Work required: Starting from the line that holds "fix \<omega> assume", print each remaining line of the entries exactly, ending with the last.

Task input:
>>>>>
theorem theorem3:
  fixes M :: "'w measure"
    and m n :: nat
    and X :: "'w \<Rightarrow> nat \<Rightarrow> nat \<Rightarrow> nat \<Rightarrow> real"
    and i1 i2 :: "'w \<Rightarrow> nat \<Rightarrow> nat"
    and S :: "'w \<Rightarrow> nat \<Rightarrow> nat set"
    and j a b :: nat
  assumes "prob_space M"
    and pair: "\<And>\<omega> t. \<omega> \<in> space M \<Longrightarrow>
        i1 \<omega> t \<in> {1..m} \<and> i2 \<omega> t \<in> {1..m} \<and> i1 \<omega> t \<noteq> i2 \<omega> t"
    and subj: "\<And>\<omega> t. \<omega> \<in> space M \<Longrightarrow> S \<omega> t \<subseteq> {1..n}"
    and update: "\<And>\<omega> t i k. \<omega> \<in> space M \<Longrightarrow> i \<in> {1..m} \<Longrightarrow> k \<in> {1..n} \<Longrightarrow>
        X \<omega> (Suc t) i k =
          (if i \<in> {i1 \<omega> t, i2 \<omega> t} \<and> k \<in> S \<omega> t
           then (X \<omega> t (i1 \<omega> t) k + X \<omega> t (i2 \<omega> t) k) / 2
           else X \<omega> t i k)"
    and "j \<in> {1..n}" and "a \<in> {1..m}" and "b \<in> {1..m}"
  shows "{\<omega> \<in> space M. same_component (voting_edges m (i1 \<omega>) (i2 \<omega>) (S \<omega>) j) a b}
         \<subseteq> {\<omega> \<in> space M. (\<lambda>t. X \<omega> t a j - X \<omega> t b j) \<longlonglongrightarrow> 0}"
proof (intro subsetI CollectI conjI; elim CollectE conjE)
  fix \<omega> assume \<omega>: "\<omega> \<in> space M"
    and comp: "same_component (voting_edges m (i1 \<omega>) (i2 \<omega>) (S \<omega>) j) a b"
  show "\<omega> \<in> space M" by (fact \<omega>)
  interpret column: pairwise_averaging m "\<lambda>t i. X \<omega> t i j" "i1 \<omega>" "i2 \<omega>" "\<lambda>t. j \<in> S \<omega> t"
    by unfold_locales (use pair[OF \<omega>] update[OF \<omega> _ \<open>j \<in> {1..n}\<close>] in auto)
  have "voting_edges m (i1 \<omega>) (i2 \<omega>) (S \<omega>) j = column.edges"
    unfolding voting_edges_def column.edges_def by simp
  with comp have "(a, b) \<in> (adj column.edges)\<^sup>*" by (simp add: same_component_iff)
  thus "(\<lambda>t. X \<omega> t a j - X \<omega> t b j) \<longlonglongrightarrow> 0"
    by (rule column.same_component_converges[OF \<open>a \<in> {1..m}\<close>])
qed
<<<<<
Answer for this exercise:
  fix \<omega> assume \<omega>: "\<omega> \<in> space M"
    and comp: "same_component (voting_edges m (i1 \<omega>) (i2 \<omega>) (S \<omega>) j) a b"
  show "\<omega> \<in> space M" by (fact \<omega>)
  interpret column: pairwise_averaging m "\<lambda>t i. X \<omega> t i j" "i1 \<omega>" "i2 \<omega>" "\<lambda>t. j \<in> S \<omega> t"
    by unfold_locales (use pair[OF \<omega>] update[OF \<omega> _ \<open>j \<in> {1..n}\<close>] in auto)
  have "voting_edges m (i1 \<omega>) (i2 \<omega>) (S \<omega>) j = column.edges"
    unfolding voting_edges_def column.edges_def by simp
  with comp have "(a, b) \<in> (adj column.edges)\<^sup>*" by (simp add: same_component_iff)
  thus "(\<lambda>t. X \<omega> t a j - X \<omega> t b j) \<longlonglongrightarrow> 0"
    by (rule column.same_component_converges[OF \<open>a \<in> {1..m}\<close>])
qed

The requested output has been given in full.